For Black people in the United States this separation is a product of enslavement and subsequent oppressions that denied the language of origin for many and forced us to become mute in our expression. Our voices were muted. Our gaze upon the situation and circumstance enhanced our ability to read the context and respond with a knowing that could not be spoken but felt. There was a forced demand that we learn English, then we cease thinking in our own language in a way that denied our full self-expression as a human being. Because of the forced loss of language, we had become framed and trapped inside the English language box or the French language box or whatever Eurocentric language box. As I begin to think about this white box thinking through language, I came across academic research around a term called translanguaging.  

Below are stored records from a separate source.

lemma iteration_mono:
  assumes y: "0 \<le> y" "y \<le> y'" "y' \<le> xs"
  shows "iteration y \<le> iteration y'"
proof -
  have y': "0 \<le> y'" "y \<le> xs" using order_trans y by blast+
  have "J y' *v iteration y \<le> J y *v iteration y"
    using nonneg_bilinear_mono[OF b1_nonneg iteration_nonneg[OF y(1) y'(2)] order_refl y(1,2)]
    by (simp add: J_mult)
  also have "\<dots> \<le> J y' *v iteration y'"
    unfolding J_iteration[OF y(1) y'(2)] J_iteration[OF y'(1) y(3)] by (rule g_mono[OF y(1,2)])
  finally show ?thesis by (rule J_mono[OF y'(1) y(3)])
qed

lemma iteration_increasing:
  assumes y: "0 \<le> y" "y \<le> xs" and F: "Fmap M a b y \<le> 0"
  shows "y \<le> iteration y"
proof (rule J_mono[OF y])
  have "J y *v y = g y + Fmap M a b y"
    unfolding J_mult N_mult Fmap_def b_split g_def by (simp add: algebra_simps)
  also have "\<dots> \<le> J y *v iteration y"
    using F by (simp add: J_iteration[OF y])
  finally show "J y *v y \<le> J y *v iteration y" .
qed

end


sublocale qve \<subseteq> basic: qve_splitting M a xs b M 0 b "\<lambda>_ _. 0"
  using M_Z b_nonneg by unfold_locales (simp_all add: nonneg_bilinear_def bilinear_def linear_zero)

context qve
begin

lemma basic_iteration: "basic.iteration y = matrix_inv (M - bl_right b y) *v a"
  by (simp add: basic.iteration_def basic.J_def basic.g_def)

text \<open>The basic iteration preserves \<open>F \<le> 0\<close>: for \<open>u = basic.iteration y\<close> one has
  \<open>F(u) = - b(u, u - y) \<le> 0\<close>, since \<open>u \<ge> y \<ge> 0\<close>.\<close>

lemma basic_iteration_subsolution:
  assumes y: "0 \<le> y" "y \<le> xs" and F: "Fmap M a b y \<le> 0"
  shows "Fmap M a b (basic.iteration y) \<le> 0"
proof -
  define u where "u = basic.iteration y"
  have "M *v u - b u y = a" using basic.J_iteration[OF y] by (simp add: basic.J_mult basic.g_def u_def)
  then have "Fmap M a b u = - b u (u - y)"
    using b_nonneg by (simp add: Fmap_def nonneg_bilinear_def bilinear_rsub algebra_simps)
  moreover have "0 \<le> b u (u - y)"
    using basic.iteration_nonneg[OF y] basic.iteration_increasing[OF y F] b_nonneg
    by (simp add: u_def nonneg_bilinear_def)
  ultimately show ?thesis by (simp add: u_def)
qed

lemma basic_iterates_invariant:
  assumes x: "0 \<le> x" "x \<le> xs" and F: "Fmap M a b x \<le> 0"
  shows "0 \<le> (basic.iteration ^^ k) x \<and> (basic.iteration ^^ k) x \<le> xs
    \<and> Fmap M a b ((basic.iteration ^^ k) x) \<le> 0"
  using assms
  by (induction k) (simp_all add: basic.iteration_nonneg basic.iteration_le_xs basic_iteration_subsolution)

end

context qve_splitting
begin

text \<open>On points with \<open>F(y) \<le> 0\<close> the split iteration is dominated by the basic one:
  \<open>v = iteration y \<ge> y\<close> gives \<open>(M - b(\<cdot>,y)) v = a - P (v - y) - b2(v - y, y) \<le> a\<close>.\<close>

lemma iteration_le_basic:
  assumes y: "0 \<le> y" "y \<le> xs" and F: "Fmap M a b y \<le> 0"
  shows "iteration y \<le> basic.iteration y"
proof (rule basic.J_mono[OF y])
  define v where "v = iteration y"
  have yv: "y \<le> v" using iteration_increasing[OF y F] by (simp add: v_def)
  have "N *v v - b1 v y = g y" using J_iteration[OF y] by (simp add: J_mult v_def)
  then have "basic.J y *v v = a - (P *v (v - y) + (b2 v y - b2 y y))"
    by (simp add: basic.J_mult N_mult b_split g_def matrix_vector_mult_diff_distrib algebra_simps)
  moreover have "0 \<le> P *v (v - y)" using nonneg_matrix_vector_mult[OF P_nonneg] yv by simp
  moreover have "b2 y y \<le> b2 v y" using nonneg_bilinear_mono[OF b2_nonneg y(1) yv y(1) order_refl] .
  ultimately have "basic.J y *v v \<le> a" by (simp add: diff_le_eq add_increasing)
  then show "basic.J y *v iteration y \<le> basic.J y *v basic.iteration y"
    using basic.J_iteration[OF y] by (simp add: basic.g_def v_def)
qed

lemma iterates_le_basic_iterates:
  assumes x: "0 \<le> x" "x \<le> xs" and F: "Fmap M a b x \<le> 0"
  shows "(iteration ^^ k) x \<le> (basic.iteration ^^ k) x"
proof -
  have "0 \<le> (iteration ^^ k) x \<and> (iteration ^^ k) x \<le> (basic.iteration ^^ k) x"
  proof (induction k)
    case 0 then show ?case using x by simp
  next
    case (Suc k)
    define u where "u = (basic.iteration ^^ k) x"
    define v where "v = (iteration ^^ k) x"
    have u: "0 \<le> u" "u \<le> xs" "Fmap M a b u \<le> 0"
      using basic_iterates_invariant[OF x F, of k] by (simp_all add: u_def)
    have v: "0 \<le> v" "v \<le> u" using Suc by (simp_all add: u_def v_def)
    have "iteration v \<le> iteration u" by (rule iteration_mono[OF v u(2)])
    also have "\<dots> \<le> basic.iteration u" by (rule iteration_le_basic[OF u])
    finally show ?case
      using iteration_nonneg[OF v(1) order_trans[OF v(2) u(2)]] by (simp add: u_def v_def)
  qed
  then show ?thesis by simp
qed

end
subsection \<open>Hyperplanes\<close>

text \<open>Each u \<in> U is sent to its coordinate a along w together with its difference to a fixed
  representative in U of the coset a w + H; this pair determines u.\<close>

lemma card_le_card_Int_adjoin:
  fixes U H :: "('a::{field,finite}^'k) set"
  assumes F: "is_subfield F" and U: "lin_subspace F U" and H: "lin_subspace UNIV H"
    and cover: "adjoin H w = UNIV"
  shows "card U \<le> CARD('a) * card (U \<inter> H)"
proof -
  define coord where "coord u = (SOME a. u - a *s w \<in> H)" for u
  have coord: "u - coord u *s w \<in> H" for u
  proof -
    obtain h a where "h \<in> H" "u = h + a *s w" using cover unfolding adjoin_def by blast
    then have "u - a *s w \<in> H" by simp
    then show ?thesis unfolding coord_def by (rule someI)
  qed
  define rep where "rep a = (SOME u. u \<in> U \<and> coord u = a)" for a
  have rep: "rep (coord u) \<in> U \<and> coord (rep (coord u)) = coord u" if "u \<in> U" for u
    unfolding rep_def by (rule someI[of _ u]) (simp add: that)
  define g where "g u = (coord u, u - rep (coord u))" for u
  have "inj_on g U" by (rule inj_onI) (auto simp: g_def)
  moreover have "g ` U \<subseteq> UNIV \<times> (U \<inter> H)"
  proof (clarsimp simp: g_def)
    fix u assume u: "u \<in> U"
    have "u - rep (coord u) \<in> U" using lin_subspace_diff[OF F U u] rep[OF u] by blast
    moreover have "u - rep (coord u)
        = (u - coord u *s w) - (rep (coord u) - coord (rep (coord u)) *s w)"
      using rep[OF u] by simp
    then have "u - rep (coord u) \<in> H"
      by (simp only:) (rule lin_subspace_diff[OF is_subfield_UNIV H coord coord])
    ultimately show "u - rep (coord u) \<in> U \<and> u - rep (coord u) \<in> H" by blast
  qed
  ultimately have "card U \<le> card ((UNIV :: 'a set) \<times> (U \<inter> H))" by (rule card_inj_on_le) simp
  then show ?thesis by (simp add: card_cartesian_product)
qed

lemma card_le_card_Int_hyperplane:
  fixes U H :: "('a::{field,finite}^'k) set"
  assumes F: "is_subfield F" and U: "lin_subspace F U"
    and H: "lin_subspace UNIV H" and dH: "lin_dim UNIV H + 1 = CARD('k)"
  shows "card U \<le> CARD('a) * card (U \<inter> H)"
proof -
  obtain w where w: "w \<notin> H" using lin_subspace_neq_UNIV[OF H] dH by auto
  have "card (adjoin H w) = card (UNIV :: ('a^'k) set)"
    using card_adjoin[OF H w] card_lin_subspace_UNIV[OF H] by (simp flip: dH)
  then have "adjoin H w = UNIV" by (intro card_subset_eq) simp_all
  then show ?thesis by (rule card_le_card_Int_adjoin[OF F U H])
qed

lemma smult_add_smult_mem_imp_zero:
  fixes P :: "('a::field^'k) set"
  assumes P: "lin_subspace UNIV P" and w1: "w1 \<notin> P" and w2: "w2 \<notin> adjoin P w1"
    and mem: "a *s w1 + b *s w2 \<in> P"
  shows "a = 0 \<and> b = 0"
proof -
  have "b = 0"
  proof (rule ccontr)
    assume "b \<noteq> 0"
    then have "w2 = inverse b *s (a *s w1 + b *s w2) + (- (a * inverse b)) *s w1"
      by (simp add: vec_eq_iff field_simps)
    moreover have "inverse b *s (a *s w1 + b *s w2) \<in> P"
      using P mem unfolding lin_subspace_def by blast
    ultimately show False using w2 unfolding adjoin_def by blast
  qed
  moreover have "a = 0"
  proof (rule ccontr)
    assume "a \<noteq> 0"
    have "a *s w1 \<in> P" using mem \<open>b = 0\<close> by simp
    then have "inverse a *s (a *s w1) \<in> P" using P unfolding lin_subspace_def by blast
    then show False using w1 \<open>a \<noteq> 0\<close> by (simp add: vector_smult_assoc)
  qed
  ultimately show ?thesis by simp
qed

lemma adjoin_pencil_Int_subset:
  fixes P :: "('a::field^'k) set"
  assumes P: "lin_subspace UNIV P" and w1: "w1 \<notin> P" and w2: "w2 \<notin> adjoin P w1"
    and "s \<noteq> t"
  shows "adjoin P (w1 + s *s w2) \<inter> adjoin P (w1 + t *s w2) \<subseteq> P"
proof
  fix x assume "x \<in> adjoin P (w1 + s *s w2) \<inter> adjoin P (w1 + t *s w2)"
  then obtain p a p' b where p: "p \<in> P" "x = p + a *s (w1 + s *s w2)"
    and p': "p' \<in> P" "x = p' + b *s (w1 + t *s w2)"
    unfolding adjoin_def by blast
  have "(a - b) *s w1 + (a * s - b * t) *s w2 = p' - p"
    using p(2) p'(2) by (simp add: vec_eq_iff algebra_simps)
  then have "(a - b) *s w1 + (a * s - b * t) *s w2 \<in> P"
    using lin_subspace_diff[OF is_subfield_UNIV P p'(1) p(1)] by simp
  from smult_add_smult_mem_imp_zero[OF P w1 w2 this] have "a = b \<and> a * s = b * t"
    by (metis right_minus_eq)
  then have "a = 0" using \<open>s \<noteq> t\<close> by auto
  then show "x \<in> P" using p by simp
qed

text \<open>The pencil consists of the hyperplanes through P and w1 + t w2, for t in the big field.\<close>

lemma hyperplane_pencil_exists:
  fixes P :: "('a::{field,finite}^'k) set"
  assumes P: "lin_subspace UNIV P" and dP: "lin_dim UNIV P + 2 = CARD('k)"
  obtains Hs :: "'a \<Rightarrow> ('a^'k) set"
  where "\<And>t. lin_subspace UNIV (Hs t)" "\<And>t. lin_dim UNIV (Hs t) + 1 = CARD('k)"
    "\<And>t. P \<subset> Hs t" "\<And>s t. s \<noteq> t \<Longrightarrow> Hs s \<inter> Hs t \<subseteq> P"
proof -
  obtain w1 where w1: "w1 \<notin> P" using lin_subspace_neq_UNIV[OF P] dP by auto
  have "lin_dim UNIV (adjoin P w1) < CARD('k)" using lin_dim_adjoin[OF P w1] dP by simp
  then obtain w2 where w2: "w2 \<notin> adjoin P w1"
    using lin_subspace_neq_UNIV[OF lin_subspace_adjoin[OF P]] by auto
  have notin: "w1 + t *s w2 \<notin> P" for t
    using smult_add_smult_mem_imp_zero[OF P w1 w2, of 1 t] by auto
  show thesis
  proof (rule that[of "\<lambda>t. adjoin P (w1 + t *s w2)"])
    show "lin_subspace UNIV (adjoin P (w1 + t *s w2))" for t
      by (rule lin_subspace_adjoin[OF P])
    show "lin_dim UNIV (adjoin P (w1 + t *s w2)) + 1 = CARD('k)" for t
      using lin_dim_adjoin[OF P notin] dP by simp
    show "P \<subset> adjoin P (w1 + t *s w2)" for t
      using adjoin_superset lin_dim_adjoin[OF P notin] by (metis n_not_Suc_n psubsetI)
    show "adjoin P (w1 + s *s w2) \<inter> adjoin P (w1 + t *s w2) \<subseteq> P" if "s \<noteq> t" for s t
      by (rule adjoin_pencil_Int_subset[OF P w1 w2 that])
  qed
qed
lemma tangent_constraint:
  assumes t: "t \<in> I"
  shows "x1 t * deriv x1 t + x5 t * deriv x5 t = 0"
proof -
  have "((\<lambda>s. x1 s * x1 s + x5 s * x5 s) has_real_derivative
      (deriv x1 t * x1 t + deriv x1 t * x1 t + (deriv x5 t * x5 t + deriv x5 t * x5 t))) (at t)"
    by (intro DERIV_add DERIV_mult d_x1 d_x5 t)
  moreover have "((\<lambda>s. x1 s * x1 s + x5 s * x5 s) has_real_derivative 0) (at t)"
  proof (rule has_field_derivative_transform_within_open[OF DERIV_const I_open t])
    fix s assume "s \<in> I"
    then show "1 = x1 s * x1 s + x5 s * x5 s" using on_slice by (simp add: power2_eq_square)
  qed
  ultimately have "deriv x1 t * x1 t + deriv x1 t * x1 t + (deriv x5 t * x5 t + deriv x5 t * x5 t) = 0"
    using DERIV_unique by blast
  then show ?thesis by (simp add: algebra_simps)
qed

lemma orbit_curve_has_derivative:
  fixes ga gb :: "real \<Rightarrow> complex" and \<tau> :: "real \<Rightarrow> real"
  assumes t: "t \<in> I" and start: "ga 0 = al" "gb 0 = be" "\<tau> 0 = t"
    and curve: "\<forall>s. (cmod (ga s))\<^sup>2 + (cmod (gb s))\<^sup>2 = 1 \<and> \<tau> s \<in> I"
    and dA: "(ga has_vector_derivative A) (at 0)" and dB: "(gb has_vector_derivative B) (at 0)"
    and d\<tau>: "(\<tau> has_real_derivative \<tau>d) (at 0)"
  shows "((\<lambda>s. orbit_map (ga s) (gb s) (\<tau> s)) has_vector_derivative
      orbit_vec al be t (Im (cnj al * A + cnj be * B)) (Re (al * B - be * A)) (Im (al * B - be * A)) \<tau>d)
     (at 0)"
proof -
  have unit: "(cmod al)\<^sup>2 + (cmod be)\<^sup>2 = 1" using curve start by metis
  have orth: "Re al * Re A + Im al * Im A + Re be * Re B + Im be * Im B = 0"
    using unit_sphere_tangent[OF start(1,2) dA dB] curve by blast
  have fibre: "(vector [deriv a1 t * \<tau>d, deriv a2 t * \<tau>d, deriv a3 t * \<tau>d] :: real^3)
      = \<tau>d *\<^sub>R vector [deriv a1 t, deriv a2 t, deriv a3 t]"
    by (simp add: vec3_eq_iff)
  have "\<forall>s. x1 (\<tau> s) > 0 \<and> (x1 (\<tau> s))\<^sup>2 + (x5 (\<tau> s))\<^sup>2 = 1" using curve on_slice by blast
  from lifted_curve_has_derivative[OF start dA dB d\<tau> d_x1[OF t] d_x5[OF t] d_a1[OF t] d_a2[OF t]
      d_a3[OF t] this] curve
  show ?thesis
    unfolding su2R5_tangent_decomp[OF unit orth, of "x1 t" "deriv x1 t * \<tau>d" "deriv x5 t * \<tau>d"] fibre
    by (simp add: mult.commute)
qed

Translanguaging is when you are able to think in your own language. If you can think in your own language, you can create and own your experience as your own. I didn’t know there was such a concept. When I began to read more about this concept, it was clear that it was focused on ESL (English as a second language) for immigrants. I also knew that when Dr. Adelaide Sanford was championing “Ebonics” as a legitimate language of communication in Black America, there was clear disdain for the idea that a linguistic form had developed from the Black American experience. This disdain points to the power dynamics of who controls the words, also controls the narrative. 


The system that holds the most power for controlling the narrative of the Black experience is the education system. First of all, why have education institutions continued to perpetuate the inequitable relationship that denies the true voice of the African descendants of slavery in America?   What might be questions that go beyond the power of arbitrators of words and their understanding of the language and languaging expressions of African descendants here in the United States?  Why can't the teachers learn the language and languaging expression of the children they teach?  Why can't we think and write from our communications styles? Why can’t reading and writing be attenuated in the vernacular of the community being served by these education systems. Well, that means that significant transformation will have to happen in the teaching and learning exchange across racial and cultural barriers, that have been created by systems of White box thinking.